I don't think we'll ever get to automated dispatching, but I can definitely see a place for more complex "run train 123 at X speed until Y and then run at Z speed" type solutioning being implemented.
 #1637625  by jimbarry
 
>> AI is AI when it becomes self-aware

It's possible you're thinking of a theoretical concept called "AGI" or artificial general intelligence. Applied use of AI today is more about data-driven automation, predictive analytics, the use of models to effectively scale our ability to process a lot of data, making it useful for our purposes. I see it as a tool to be used by people, feeding people with information faster and more accurately than was previously possible, and not a technology that takes over for people.

Even then, it hasn't even been sorted out theoretically whether fully implemented AGI would create something that is "self-aware". Today's applied uses of AI are not even in the same ballpark as, say, the fictional character HAL from 2001. And even with that character, it's not clear whether it's self-aware.

I use AI for counting rail cars from video, sensing whether at-grade crossings are blocked and by what, turning Lidar point clouds into categorized features for mapping, models that can provide inspection results from drone photography, recording near misses from front facing cameras, stuff like that. And for those things AI (and within it, machine learning and neural network-driven deep learning) is very effective.
Last edited by jimbarry on Mon Jan 29, 2024 3:42 pm, edited 1 time in total.
 #1637636  by dave1905
 
Trains hitting a deer is a red spot on the front of the engine.

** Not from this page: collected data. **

lemma uniform_steering_radius:
  fixes A :: "'n::finite \<Rightarrow> real^'d^'d" and B :: "'n \<Rightarrow> real^'m^'d"
    and f :: "'n \<Rightarrow> real^'d \<Rightarrow> real^'m \<Rightarrow> real" and \<eta> :: real
  assumes ctrb: "\<And>i. controllable (A i) (B i)"
    and f_concave: "\<And>i. concave_on UNIV (\<lambda>(x, u). f i x u)" and f_zero: "\<And>i. f i 0 0 = 0"
    and "\<eta> > 0"
  shows "\<exists>r>0. \<forall>x0 :: real^'d^'n. norm x0 < r \<longrightarrow>
           (\<exists>D. \<forall>i. agent_utility (A i) (B i) (f i) (x0 $ i) (D i) \<ge> ereal (-\<eta>))"
proof -
  let ?P = "\<lambda>i r. \<forall>y. norm y < r \<longrightarrow> (\<exists>W. agent_utility (A i) (B i) (f i) y W \<ge> ereal (-\<eta>))"
  have "\<exists>r>0. \<forall>i. ?P i r"
  proof (rule finite_uniform_positive)
    show "\<exists>r>0. ?P i r" for i
      using \<open>\<eta> > 0\<close>
      by (intro controllable_steer_small_cost[OF ctrb concave_on_UNIV_continuous[OF f_concave] f_zero])
  qed (meson order.strict_trans2)
  then obtain r where "r > 0" and steer: "\<And>i. ?P i r"
    by blast
  have "\<exists>D. \<forall>i. agent_utility (A i) (B i) (f i) (x0 $ i) (D i) \<ge> ereal (-\<eta>)" if "norm x0 < r" for x0
  proof -
    have "norm (x0 $ i) < r" for i
      using Finite_Cartesian_Product.norm_nth_le[of x0 i] that by linarith
    then have "\<forall>i. \<exists>W. agent_utility (A i) (B i) (f i) (x0 $ i) W \<ge> ereal (-\<eta>)"
      using steer by blast
    then show ?thesis
      by (rule choice)
  qed
  with \<open>r > 0\<close> show ?thesis
    by blast
qed

lemma zero_price_equilibrium_if_steerable:
  fixes x0 :: "real^'d^'n::finite"
  assumes f_nonpos: "\<And>i x u. f i x u \<le> 0" and "\<Delta> \<ge> 0"
    and admissible: "\<And>V. (\<And>j. agent_utility (A j) (B j) (f j) (x0 $ j) (V j) \<ge> ereal (-\<Delta>))
        \<Longrightarrow> \<exists>E. swm_admissible h a V E"
    and D: "\<And>i. agent_utility (A i) (B i) (f i) (x0 $ i) (D i) \<ge> ereal (- (\<Delta> / CARD('n)))"
  shows "x0 \<in> feasible_inits A B f h a
    \<and> (\<forall>U E. swm_optimal A B f h a x0 U E \<longrightarrow> competitive_eq A B f h a x0 (\<lambda>t. 0) U E)"
proof -
  have "\<Delta> / CARD('n) \<le> \<Delta>"
    using \<open>\<Delta> \<ge> 0\<close> by (simp add: divide_le_eq mult_le_cancel_left1 Suc_le_eq)
  then have "agent_utility (A i) (B i) (f i) (x0 $ i) (D i) \<ge> ereal (-\<Delta>)" for i
    using D[of i] by (meson ereal_less_eq(3) neg_le_iff_le order_trans)
  then obtain ED where ED: "swm_admissible h a D ED"
    using admissible by blast
  have welfare_D: "welfare A B f x0 D \<ge> ereal (-\<Delta>)"
    using welfare_ge_if_agent_utilities_ge[OF D] by simp
  have "competitive_eq A B f h a x0 (\<lambda>t. 0) U E" if "swm_optimal A B f h a x0 U E" for U E
  proof (rule competitive_eq_zero_price_if_optimal_above_level[where f=f, OF f_nonpos admissible that])
    have "welfare A B f x0 D \<le> welfare A B f x0 U"
      using that ED unfolding swm_optimal_def by blast
    with welfare_D show "welfare A B f x0 U \<ge> ereal (-\<Delta>)"
      by (rule order_trans)
  qed
  moreover have "x0 \<in> feasible_inits A B f h a"
    by (rule feasible_inits_if_welfare_above[where f=f, OF f_nonpos ED welfare_D])
  ultimately show ?thesis
    by blast
qed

Trains hitting a car would be more of a challenge but that could be detected and the train stopped. There just wouldn't necessarily be anybody to immediately investigate.

Trains hitting other trains can be avoided to the extent they can be avoided today.

There have been trains run by AI, with zero human intervention, for decades in various passenger and transit operations.

Generally what AI does today is fuel and train handling management (not making any judgement on how well it does those things, just that that's what the focus of the AI is.) There is limited AI in the network management. Various systems have been under development to automate the dispatching functions with minimal success. You can teach AI to move trains, teaching it to move trains efficiently as or more efficiently than a human dispatcher is very, very tough. By the time you get a system trying to optimize a chunk of a multi-track railroad several dispatcher territories in size, it the system often takes longer to calculate the next move than it takes for a trains to get to the next decision point. Back when I was minimally involved in that effort, the estimate was that if you gave a big desktop computer a railroad the size of a typical class one, and all the positions of the trains now, then told it to figure out how it should line the switches and signals to minimize delay across the railroad, it would take approximately 100 years for that single computer to figure out the next move. To be effective the computer would have to optimize the system about every 15-30 secs.
Millions of dollars and decades of development has been spent trying to do that and I haven't seen anybody come up with a fully automated system.